Pertumbuhan AS sebenarnya menunjukkan perbaikan pada kuartal III 2019 sebesar 2,1 persen. Ini lebih baik dari kuartal II 2019 yang hanya 2 persen, tetapi tetap melambat dibandingkan kuartal I 2019 yang mencapai 3,1 persen.
Kendati membaik, situasi politik di AS dan perang dagang AS-China diprediksi membuat ekonomi Negeri Paman Sam memerah jika tak ada kemajuan yang signifikan.
"Potensi resesi itu ada di AS," imbuhnya.

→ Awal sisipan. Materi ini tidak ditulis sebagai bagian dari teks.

instantiation gauss :: (comm_ring_1) comm_ring_1
begin
definition "0 = Gauss 0 0"
definition "1 = Gauss 1 0"
definition "z + w = Gauss (gauss_re z + gauss_re w) (gauss_im z + gauss_im w)"
definition "z - w = Gauss (gauss_re z - gauss_re w) (gauss_im z - gauss_im w)"
definition "- z = Gauss (- gauss_re z) (- gauss_im z)"
definition "z * w = Gauss (gauss_re z * gauss_re w - gauss_im z * gauss_im w)
                          (gauss_re z * gauss_im w + gauss_im z * gauss_re w)"
instance
  by standard (simp_all add: gauss_eq_iff zero_gauss_def one_gauss_def plus_gauss_def
      minus_gauss_def uminus_gauss_def times_gauss_def algebra_simps)
end

lemma gauss_simps [simp]:
  "gauss_re 0 = 0" "gauss_im 0 = 0" "gauss_re 1 = 1" "gauss_im 1 = 0"
  "gauss_re (z + w) = gauss_re z + gauss_re w" "gauss_im (z + w) = gauss_im z + gauss_im w"
  "gauss_re (z - w) = gauss_re z - gauss_re w" "gauss_im (z - w) = gauss_im z - gauss_im w"
  "gauss_re (- z) = - gauss_re z" "gauss_im (- z) = - gauss_im z"
  "gauss_re (z * w) = gauss_re z * gauss_re w - gauss_im z * gauss_im w"
  "gauss_im (z * w) = gauss_re z * gauss_im w + gauss_im z * gauss_re w"
  by (simp_all add: zero_gauss_def one_gauss_def plus_gauss_def minus_gauss_def
      uminus_gauss_def times_gauss_def)

lemma of_nat_gauss: "of_nat k = Gauss (of_nat k) 0"
  by (induction k) (simp_all add: gauss_eq_iff)

lemma numeral_gauss: "numeral k = Gauss (numeral k) 0"
  using of_nat_gauss[of "numeral k"] by simp

lemma CHAR_gauss: "CHAR('a::comm_ring_1 gauss) = CHAR('a)"
  by (rule CHAR_eqI) (simp_all add: of_nat_gauss gauss_eq_iff of_nat_eq_0_iff_char_dvd)

definition gauss_norm :: "'a::comm_ring_1 gauss \<Rightarrow> 'a" where
  "gauss_norm z = gauss_re z * gauss_re z + gauss_im z * gauss_im z"

lemma gauss_norm_mult: "gauss_norm (z * w) = gauss_norm z * gauss_norm w"
  by (simp add: gauss_norm_def algebra_simps)

text \<open>F[i] need not be a field (when -1 is a square in F), so units are recognised
  through the norm.\<close>

lemma gauss_dvd_one_iff: "z dvd 1 \<longleftrightarrow> gauss_norm (z :: 'a::field gauss) \<noteq> 0"
proof
  assume "z dvd 1"
  then obtain w where "1 = z * w" by (rule dvdE)
  then have "gauss_norm (z * w) = 1" by (simp flip: \<open>1 = z * w\<close> add: gauss_norm_def)
  then show "gauss_norm z \<noteq> 0" by (auto simp: gauss_norm_mult)
next
  assume N: "gauss_norm z \<noteq> 0"
  have "z * Gauss (gauss_re z * inverse (gauss_norm z)) (- gauss_im z * inverse (gauss_norm z))
      = Gauss (gauss_norm z * inverse (gauss_norm z)) 0"
    by (simp add: gauss_eq_iff gauss_norm_def algebra_simps)
  also have "\<dots> = 1" using N by (simp add: one_gauss_def)
  finally show "z dvd 1" by (rule dvdI[OF sym])
qed

text \<open>The Lucas sequence U(k) = U_k(y, 1), i.e. the Chebyshev polynomial U_(k-1)(y/2).\<close>

fun lucas_U :: "'a::comm_ring_1 \<Rightarrow> nat \<Rightarrow> 'a" where
  "lucas_U y 0 = 0"
| "lucas_U y (Suc 0) = 1"
| "lucas_U y (Suc (Suc k)) = y * lucas_U y (Suc k) - lucas_U y k"

lemma lucas_U_hom:
  assumes "\<And>x y. f (x * y) = f x * f y" "\<And>x y. f (x - y) = f x - f y" "f 0 = 0" "f 1 = 1"
  shows "f (lucas_U y k) = lucas_U (f y) k"
  by (induction y k rule: lucas_U.induct) (simp_all add: assms)

lemma lucas_U_recurrence_solution:
  fixes W :: "nat \<Rightarrow> 'a::comm_ring_1"
  assumes "W 0 = 0" and "\<And>k. k < n \<Longrightarrow> W (k + 2) = y * W (k + 1) - W k"
    and "k \<le> n + 1"
  shows "W k = lucas_U y k * W 1"
proof -
  have pair: "W j = lucas_U y j * W 1 \<and> W (Suc j) = lucas_U y (Suc j) * W 1" if "j \<le> n" for j
    using that
  proof (induction j)
    case (Suc j)
    then show ?case using assms(2)[of j] by (simp add: algebra_simps)
  qed (simp add: assms(1))
  show ?thesis
  proof (cases k)
    case (Suc j)
    then show ?thesis using pair[of j] assms(3) by simp
  qed (simp add: assms(1))
qed

lemma recurrence_zero_if_lucas_U_dvd_one:
  fixes W :: "nat \<Rightarrow> 'a::comm_ring_1"
  assumes "W 0 = 0" and "W (Suc n) = 0"
    and "\<And>k. k < n \<Longrightarrow> W (k + 2) = y * W (k + 1) - W k"
    and "lucas_U y (Suc n) dvd 1" and "k \<le> n + 1"
  shows "W k = 0"
proof -
  have "lucas_U y (Suc n) * W 1 = 0"
    using lucas_U_recurrence_solution[OF assms(1,3), where k = "Suc n"] assms(2) by simp
  moreover obtain c where "1 = lucas_U y (Suc n) * c" using assms(4) by (rule dvdE)
  ultimately have "W 1 = 0" by (metis mult.commute mult.left_commute mult_1 mult_zero_right)
  then show ?thesis using lucas_U_recurrence_solution[OF assms(1,3,5)] by simp
qed

lemma lucas_U_power_dvd:
  fixes v y P :: "'a::comm_ring_1"
  assumes "P dvd v^2 - y * v + 1"
  shows "P dvd v ^ Suc k - (lucas_U y (Suc k) * v - lucas_U y k)"
proof (induction k)
  case (Suc k)
  have "v ^ Suc (Suc k) - (lucas_U y (Suc (Suc k)) * v - lucas_U y (Suc k))
      = v * (v ^ Suc k - (lucas_U y (Suc k) * v - lucas_U y k))
        + lucas_U y (Suc k) * (v^2 - y * v + 1)"
    by (simp add: algebra_simps power2_eq_square)
  then show ?case using Suc assms by (simp add: dvd_add dvd_mult)
qed simp

lemma lucas_U_binet_dvd:
  fixes z w y P :: "'a::comm_ring_1"
  assumes "P dvd z^2 - y * z + 1" and "P dvd w^2 - y * w + 1"
  shows "P dvd (z ^ k - w ^ k) - lucas_U y k * (z - w)"
proof (cases k)
  case (Suc j)
  have split: "(z ^ k - w ^ k) - lucas_U y k * (z - w)
      = (z ^ Suc j - (lucas_U y (Suc j) * z - lucas_U y j))
        - (w ^ Suc j - (lucas_U y (Suc j) * w - lucas_U y j))"
    by (simp add: Suc algebra_simps)
  show ?thesis
    unfolding split by (intro dvd_diff lucas_U_power_dvd assms)
qed simp

lemma dvd_power_diff: "P dvd a - b \<Longrightarrow> P dvd a ^ k - (b ^ k :: 'a::comm_ring_1)"
  unfolding power_diff_sumr2 by (rule dvd_mult2)

lemma monic_dvd_imp_degree_le:
  fixes P Q :: "'a::comm_ring_1 poly"
  assumes "lead_coeff P = 1" and "P dvd Q" and "Q \<noteq> 0"
  shows "degree P \<le> degree Q"
proof -
  obtain R where Q: "Q = P * R" using assms(2) by (rule dvdE)
  with assms(3) have "R \<noteq> 0" by auto
  have "coeff Q (degree P + degree R) = lead_coeff R"
    using coeff_mult_degree_sum[of P R] assms(1) Q by simp
  with \<open>R \<noteq> 0\<close> have "degree P + degree R \<le> degree Q"
    by (intro le_degree) simp
  then show ?thesis by simp
qed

Selain AS, Yusuf menilai China juga bisa terkena resesi tahun depan jika persoalan perang dagang belum selesai sepenuhya. Masalahnya, AS merupakan salah satu mitra dagang terbesar China.

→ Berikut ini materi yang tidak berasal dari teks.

lemma AE_log_average_sin:
  "AE x in M. (\<lambda>n. (1 / ln (real n)) * (\<Sum>k=1..n. sin (t * G k x) / real k)) \<longlonglongrightarrow> 0"
proof (rule log_average_strong_law[where c = 1 and C = "t^2", OF _ _ _ _ _ _ _ summable_corr])
  fix k :: nat assume k: "1 \<le> k"
  show "(\<lambda>x. sin (t * G k x)) \<in> borel_measurable M"
    using k by measurable
  show "0 - 1 \<le> sin (t * G k x)" for x
    by simp
  show "integrable M (\<lambda>x. sin (t * G k x))"
    using k by (intro integrable_const_bound[where B = 1]) auto
  show "expectation (\<lambda>x. sin (t * G k x)) = 0"
    using centered_gaussian_moments(3)[OF gaussian centered, of k t] k by simp
next
  fix k l :: nat assume kl: "1 \<le> k" "1 \<le> l"
  show "integrable M (\<lambda>x. sin (t * G k x) * sin (t * G l x))"
    using kl by (intro integrable_const_bound[where B = 1]) (auto simp: abs_mult mult_le_one)
  have "expectation (\<lambda>x. sin (t * G k x) * sin (t * G l x)) - 0^2
      \<le> \<bar>exp (- (t^2)) * ((exp (t^2 * corr k l) - exp (- (t^2 * corr k l))) / 2)\<bar>"
    using trig_products(2)[OF kl] by simp
  also have "\<dots> \<le> t^2 * \<bar>corr k l\<bar>"
    using cosh_sinh_deviation(2)[of "t^2" "corr k l"] corr_bound[OF kl] by (simp add: mult.assoc)
  finally show "expectation (\<lambda>x. sin (t * G k x) * sin (t * G l x)) - 0^2 \<le> t^2 * \<bar>corr k l\<bar>" .
qed simp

"Perjanjian perang dagang fase pertama katanya memang sudah tapi Trump ini kan labil bisa berubah-ubah. Ini bahaya. Kalau berubah lagi bisa pengaruh ke ekonomi China," jelas Yusuf.

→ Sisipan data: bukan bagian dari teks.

(* Let $b\ge1$, $1\le a\le b$, $t\ge0$ be integers and $d=2t+1$. Let $\nu^{\text{off-diag}}$ be the number of pairs $(k,q)$ with $k$ odd, $1\le k<d$, $-k\le q\le k$, $q\equiv 2a-1\pmod{2b}$. Then $\nu^{\text{off-diag}}=\tfrac{t^2}{b}+\tfrac{t}{b}+\tfrac{2a(a-b-1)+b+1}{2b}+c$, where $c=\tfrac{1}{2b}[t+1-a]_b^2+\tfrac{1}{2b}[t+1-a]_b\big(b-2-2[t-a]_b\big)+\tfrac{1}{2b}[t+a]_b\big(b-2-2[a+t-1]_b+[a+t]_b\big)$, and $0\le c\le 2b$.
   Context: For an integer $x$ and positive integer $y$, $[x]_y:=x\bmod y\in\{0,\dots,y-1\}$. *)

theory Defs
  imports Complex_Main "HOL-Number_Theory.Cong"
begin

definition nu_offdiag :: "int \<Rightarrow> int \<Rightarrow> int \<Rightarrow> nat" where
  "nu_offdiag a b d = card ({(k, q). odd k \<and> 1 \<le> k \<and> k < d \<and> - k \<le> q \<and> q \<le> k
                                    \<and> [q = 2 * a - 1] (mod (2 * b))} :: (int \<times> int) set)"

end

theory Submission
  imports Defs
begin

text \<open>
  The pairs with k = 2s + 1 are the q = 2a - 1 + 2bj with -(s + a) <= bj <= s + 1 - a, so
  row k contains (s + a) div b + (s + 1 - a) div b + 1 of them. Summing over s < t, write
  b ((s + r) div b) = s + r - (s + r) mod b; the remainders telescope against the b-periodic
  parabola (u mod b) (b - u mod b), whose forward difference is b - 1 - 2 (u mod b).
  The correction c is this parabola at t + 1 - a plus its value at t + a, divided by 2b,
  so 0 <= c <= b/4.
\<close>

lemma int_less_eq_div_iff_mult_less_eq:
  fixes m n q :: int
  assumes "0 < q"
  shows "m \<le> n div q \<longleftrightarrow> m * q \<le> n"
proof -
  have "m \<le> n div q \<longleftrightarrow> real_of_int m \<le> real_of_int n / real_of_int q"
    by (metis floor_divide_of_int_eq le_floor_iff)
  also have "\<dots> \<longleftrightarrow> m * q \<le> n"
    using assms by (simp add: pos_le_divide_eq flip: of_int_mult)
  finally show ?thesis .
qed

lemma card_multiples_between:
  fixes A B b :: int
  assumes "0 < b" and "0 \<le> A + B"
  shows "int (card {j. - A \<le> j * b \<and> j * b \<le> B}) = A div b + B div b + 1"
proof -
  have "{j. - A \<le> j * b \<and> j * b \<le> B} = {- (A div b) .. B div b}"
    using assms(1) by (auto simp: int_less_eq_div_iff_mult_less_eq minus_le_iff)
  moreover have "A < A div b * b + b"
    using pos_mod_bound[of b A] assms(1) div_mult_mod_eq[of A b] by linarith
  then have "(- (A div b) - 1) * b \<le> B"
    using assms(2) by (simp add: algebra_simps)
  then have "- (A div b) - 1 \<le> B div b"
    using assms(1) by (simp add: int_less_eq_div_iff_mult_less_eq)
  ultimately show ?thesis by simp
qed

definition offdiag_row :: "int \<Rightarrow> int \<Rightarrow> int \<Rightarrow> int set" where
  "offdiag_row a b k = {q. - k \<le> q \<and> q \<le> k \<and> [q = 2 * a - 1] (mod (2 * b))}"

lemma card_offdiag_row:
  fixes a b s :: int
  assumes "0 < b" and "0 \<le> s"
  shows "int (card (offdiag_row a b (2 * s + 1))) = (s + a) div b + (s + 1 - a) div b + 1"
proof -
  let ?J = "{j. - (s + a) \<le> j * b \<and> j * b \<le> s + 1 - a}"
  have "offdiag_row a b (2 * s + 1) = (\<lambda>j. 2 * a - 1 + j * (2 * b)) ` ?J"
  proof (intro set_eqI iffI)
    fix q assume "q \<in> offdiag_row a b (2 * s + 1)"
    then have q: "- (2 * s + 1) \<le> q" "q \<le> 2 * s + 1" "2 * b dvd q - (2 * a - 1)"
      by (auto simp: offdiag_row_def cong_iff_dvd_diff)
    then obtain j where "q - (2 * a - 1) = j * (2 * b)"
      by (metis dvdE mult.commute)
    with q show "q \<in> (\<lambda>j. 2 * a - 1 + j * (2 * b)) ` ?J"
      by (intro image_eqI[of _ _ j]) auto
  next
    fix q assume "q \<in> (\<lambda>j. 2 * a - 1 + j * (2 * b)) ` ?J"
    then show "q \<in> offdiag_row a b (2 * s + 1)"
      by (auto simp: offdiag_row_def cong_iff_dvd_diff)
  qed
  moreover have "inj_on (\<lambda>j. 2 * a - 1 + j * (2 * b)) ?J"
    using assms(1) by (auto intro: inj_onI)
  ultimately show ?thesis
    using card_multiples_between[of b "s + a" "s + 1 - a"] assms by (simp add: card_image)
qed

lemma nu_offdiag_eq_sum_rows:
  "nu_offdiag a b (2 * int n + 1) = (\<Sum>s<n. card (offdiag_row a b (2 * int s + 1)))"
proof -
  have "{(k, q). odd k \<and> 1 \<le> k \<and> k < 2 * int n + 1 \<and> - k \<le> q \<and> q \<le> k
                \<and> [q = 2 * a - 1] (mod (2 * b))}
        = Sigma ((\<lambda>s. 2 * int s + 1) ` {..<n}) (offdiag_row a b)"
  proof (intro set_eqI iffI)
    fix x assume "x \<in> {(k, q). odd k \<and> 1 \<le> k \<and> k < 2 * int n + 1 \<and> - k \<le> q \<and> q \<le> k
                \<and> [q = 2 * a - 1] (mod (2 * b))}"
    then obtain k q where x: "x = (k, q)" "odd k" "1 \<le> k" "k < 2 * int n + 1"
      and row: "q \<in> offdiag_row a b k"
      by (auto simp: offdiag_row_def)
    moreover obtain m where "k = 2 * m + 1"
      using x(2) by (rule oddE)
    moreover obtain s where "m = int s"
      using x(3) \<open>k = 2 * m + 1\<close> nonneg_int_cases[of m] by auto
    ultimately have "k = 2 * int s + 1" "s < n"
      by auto
    with x(1) row show "x \<in> Sigma ((\<lambda>s. 2 * int s + 1) ` {..<n}) (offdiag_row a b)"
      by auto
  next
    fix x assume "x \<in> Sigma ((\<lambda>s. 2 * int s + 1) ` {..<n}) (offdiag_row a b)"
    then show "x \<in> {(k, q). odd k \<and> 1 \<le> k \<and> k < 2 * int n + 1 \<and> - k \<le> q \<and> q \<le> k
                \<and> [q = 2 * a - 1] (mod (2 * b))}"
      by (auto simp: offdiag_row_def)
  qed
  moreover have "finite (offdiag_row a b k)" for k
    by (rule finite_subset[of _ "{- k..k}"]) (auto simp: offdiag_row_def)
  ultimately show ?thesis
    unfolding nu_offdiag_def by (simp add: card_SigmaI sum.reindex inj_on_def)
qed

definition mod_tent :: "int \<Rightarrow> int \<Rightarrow> int" where
  "mod_tent b u = u mod b * (b - u mod b)"

lemma mod_tent_eq:
  fixes b u :: int
  assumes "0 \<le> u" and "u \<le> b"
  shows "mod_tent b u = u * (b - u)"
  using assms by (cases "u = b") (simp_all add: mod_tent_def)

lemma mod_tent_add_self: "mod_tent b (u + b) = mod_tent b u"
  by (simp add: mod_tent_def)

lemma mod_tent_bounds:
  fixes b u :: int
  assumes "0 < b"
  shows "0 \<le> mod_tent b u" and "4 * mod_tent b u \<le> b\<^sup>2"
proof -
  let ?x = "u mod b"
  show "0 \<le> mod_tent b u"
    using assms by (simp add: mod_tent_def pos_mod_bound less_imp_le)
  have "b\<^sup>2 - 4 * mod_tent b u = (b - 2 * ?x)\<^sup>2"
    by (simp add: mod_tent_def power2_eq_square algebra_simps)
  then show "4 * mod_tent b u \<le> b\<^sup>2"
    by (metis diff_ge_0_iff_ge zero_le_power2)
qed

lemma mod_succ_cases:
  fixes b u :: int
  assumes "0 < b"
  obtains "(u + 1) mod b = u mod b + 1" | "u mod b = b - 1" and "(u + 1) mod b = 0"
proof -
  have "(u + 1) mod b = (u mod b + 1) mod b"
    by (simp add: mod_add_left_eq)
  moreover have "0 \<le> u mod b" "u mod b < b"
    using assms by simp_all
  ultimately show thesis
    using that by (cases "u mod b + 1 = b") auto
qed

lemma mod_tent_succ:
  fixes b u :: int
  assumes "0 < b"
  shows "mod_tent b (u + 1) = mod_tent b u + b - 1 - 2 * (u mod b)"
  using assms
proof (cases rule: mod_succ_cases[of b u])
  case 1
  then show ?thesis by (simp add: mod_tent_def algebra_simps)
next
  case 2
  then show ?thesis by (simp add: mod_tent_def)
qed

lemma mod_tent_succ_via_mods:
  fixes b u :: int
  assumes "0 < b"
  shows "(u + 1) mod b * (b - 2 - 2 * (u mod b) + (u + 1) mod b) = mod_tent b (u + 1)"
  using assms
proof (cases rule: mod_succ_cases[of b u])
  case 1
  then show ?thesis by (simp add: mod_tent_def algebra_simps)
next
  case 2
  then show ?thesis by (simp add: mod_tent_def)
qed

lemma sum_div_eq_mod_tent:
  fixes b r :: int
  assumes "0 < b"
  shows "2 * b * (\<Sum>s<n. (int s + r) div b)
           = int n * (int n - b) + 2 * r * int n + mod_tent b (int n + r) - mod_tent b r"
proof (induction n)
  case 0
  show ?case by simp
next
  case (Suc n)
  have "2 * b * (\<Sum>s<Suc n. (int s + r) div b)
          = 2 * b * (\<Sum>s<n. (int s + r) div b) + 2 * (b * ((int n + r) div b))"
    by (simp add: algebra_simps)
  moreover have "b * ((int n + r) div b) = int n + r - (int n + r) mod b"
    using mult_div_mod_eq[of b "int n + r"] by linarith
  moreover have "mod_tent b (int (Suc n) + r) = mod_tent b (int n + r) + b - 1 - 2 * ((int n + r) mod b)"
    using mod_tent_succ[OF assms, of "int n + r"] by (simp add: add_ac)
  moreover have "int (Suc n) * (int (Suc n) - b) = int n * (int n - b) + 2 * int n + 1 - b"
    by (simp add: algebra_simps)
  ultimately show ?case
    using Suc.IH by (simp add: distrib_left)
qed

lemma offdiag_count_closed_form:
  fixes a b t :: int
  assumes "0 < b" and "1 \<le> a" and "a \<le> b" and "0 \<le> t"
  shows "2 * b * int (nu_offdiag a b (2 * t + 1))
           = 2 * t\<^sup>2 + 2 * t + (2 * a * (a - b - 1) + b + 1)
             + (mod_tent b (t + 1 - a) + mod_tent b (t + a))"
proof -
  obtain n where t: "t = int n"
    using assms(4) nonneg_int_cases by blast
  have "int (nu_offdiag a b (2 * t + 1))
          = (\<Sum>s<n. (int s + a) div b) + (\<Sum>s<n. (int s + (1 - a)) div b) + t"
    using card_offdiag_row[OF assms(1)]
    by (simp add: t nu_offdiag_eq_sum_rows sum.distrib add_diff_eq)
  moreover have "mod_tent b a = a * (b - a)"
    using assms by (simp add: mod_tent_eq)
  moreover have "mod_tent b (1 - a) = (b + 1 - a) * (a - 1)"
    using mod_tent_add_self[of b "1 - a"] mod_tent_eq[of "b + 1 - a" b] assms
    by (simp add: algebra_simps)
  ultimately show ?thesis
    using sum_div_eq_mod_tent[OF assms(1), of a n] sum_div_eq_mod_tent[OF assms(1), of "1 - a" n]
    by (simp add: t algebra_simps power2_eq_square)
qed

lemma offdiag_correction_eq_mod_tent:
  fixes a b t :: int
  assumes "0 < b"
  shows "((t + 1 - a) mod b)\<^sup>2 + ((t + 1 - a) mod b) * (b - 2 - 2 * ((t - a) mod b))
           + ((t + a) mod b) * (b - 2 - 2 * ((a + t - 1) mod b) + (a + t) mod b)
         = mod_tent b (t + 1 - a) + mod_tent b (t + a)"
  using mod_tent_succ_via_mods[OF assms, of "t - a"] mod_tent_succ_via_mods[OF assms, of "a + t - 1"]
  by (simp add: power2_eq_square algebra_simps)

theorem lemmaS12:
  fixes a b t :: int
  assumes "b \<ge> 1" and "1 \<le> a" and "a \<le> b" and "t \<ge> 0"
  shows "let d = 2 * t + 1;
             c = (1 / (2 * real_of_int b)) * of_int (((t + 1 - a) mod b)^2)
               + (1 / (2 * real_of_int b)) * of_int (((t + 1 - a) mod b) * (b - 2 - 2 * ((t - a) mod b)))
               + (1 / (2 * real_of_int b)) * of_int (((t + a) mod b) * (b - 2 - 2 * ((a + t - 1) mod b) + (a + t) mod b))
         in real (nu_offdiag a b d)
              = of_int (t^2) / of_int b + of_int t / of_int b
                + of_int (2 * a * (a - b - 1) + b + 1) / (2 * real_of_int b) + c
            \<and> 0 \<le> c \<and> c \<le> 2 * of_int b"
proof -
  have b: "0 < b"
    using assms(1) by simp
  define K where "K = 2 * a * (a - b - 1) + b + 1"
  define T where "T = mod_tent b (t + 1 - a) + mod_tent b (t + a)"
  have "real_of_int (2 * b * int (nu_offdiag a b (2 * t + 1))) = of_int (2 * t\<^sup>2 + 2 * t + K + T)"
    using offdiag_count_closed_form[OF b assms(2-4)] by (simp only: K_def T_def)
  then have count: "real (nu_offdiag a b (2 * t + 1))
                      = (2 * of_int (t\<^sup>2) + 2 * of_int t + of_int K + of_int T) / (2 * of_int b)"
    using b by (simp add: eq_divide_eq mult.commute)
  have "0 \<le> T" and "T \<le> 4 * b\<^sup>2"
    using mod_tent_bounds[OF b, of "t + 1 - a"] mod_tent_bounds[OF b, of "t + a"] zero_le_power2[of b]
    unfolding T_def by linarith+
  then have "0 \<le> real_of_int T" and "real_of_int T \<le> real_of_int (4 * b\<^sup>2)"
    by (simp_all only: of_int_0_le_iff of_int_le_iff)
  with b show ?thesis
    unfolding Let_def distrib_left[symmetric] of_int_add[symmetric] offdiag_correction_eq_mod_tent[OF b]
    unfolding T_def[symmetric] K_def[symmetric] count
    by (simp add: field_simps power2_eq_square)
qed

end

Apalagi, ekonomi China sepanjang tahun ini terus memburuk. Pada kuartal III 2019, ekonomi China hanya tumbuh 6 persen. Pertumbuhannya melambat dibandingkan dengan kuartal I 2019 dan kuartal II 2019 yang masing-masing sebesar 6,4 persen dan 6,2 persen.
Sementara, Ekonom Indef Ahmad Heri Firdaus menyatakan potensi resesi di Indonesia tentu tak bisa dihilangkan jika AS dan China terkena 'wabah' tersebut. Maklum, AS dan China merupakan mitra dagang Indonesia.
Logikanya, kalau ekonomi AS dan China melambat, tentu ada penurunan permintaan dari dua negara itu yang akhirnya mempengaruhi nilai ekspor Indonesia. Apalagi, ekonomi domestik juga menunjukkan perlambatan sejak kuartal I hingga kuartal III 2019.
"Kalau di kuartal IV 2019 tidak membaik, maka 2020 ini berpotensi menimbulkan gejala resesi yang lebih tinggi. Perlambatan bisa semakin parah atau minus," tutur Heri.
Badan Pusat Statistik (BPS) mencatat pertumbuhan ekonomi kuartal I 2019 sebesar 5,07 persen. Kemudian, kuartal II 2019 hanya 5,05 persen dan kuartal III 2019 cuma 5,02 persen.
"Kalau 2020 tidak ada upaya serius dari pemerintah, semua kebijakan sama saja sementara global semakin berkecamuk, bisa saja ekonomi Indonesia di bawah 5 persen," jelas Heri.
Sementara, Heri menyatakan penyerapan tenaga kerja akan terganggu jika ekonomi Indonesia hanya berada di kisaran 4 persen. Bila demikian, masyarakat sulit mencari pekerjaan dan pemutusan hubungan kerja (PHK) akan meningkat.
"Ekonomi jadi kian sulit, karena mempengaruhi konsumsi. Pendapatan turun, konsumsi turun. Ada ancaman daya beli," ujarnya.
Heri bilang rancangan undang-undang (ruu) mengenai omnibus law sejatinya bisa membantu Indonesia keluar dari ancaman resesi karena akan mendorong investasi di dalam negeri. Namun, beleid itu masih harus menunggu restu Dewan Perwakilan Rakyat (DPR) terlebih dahulu.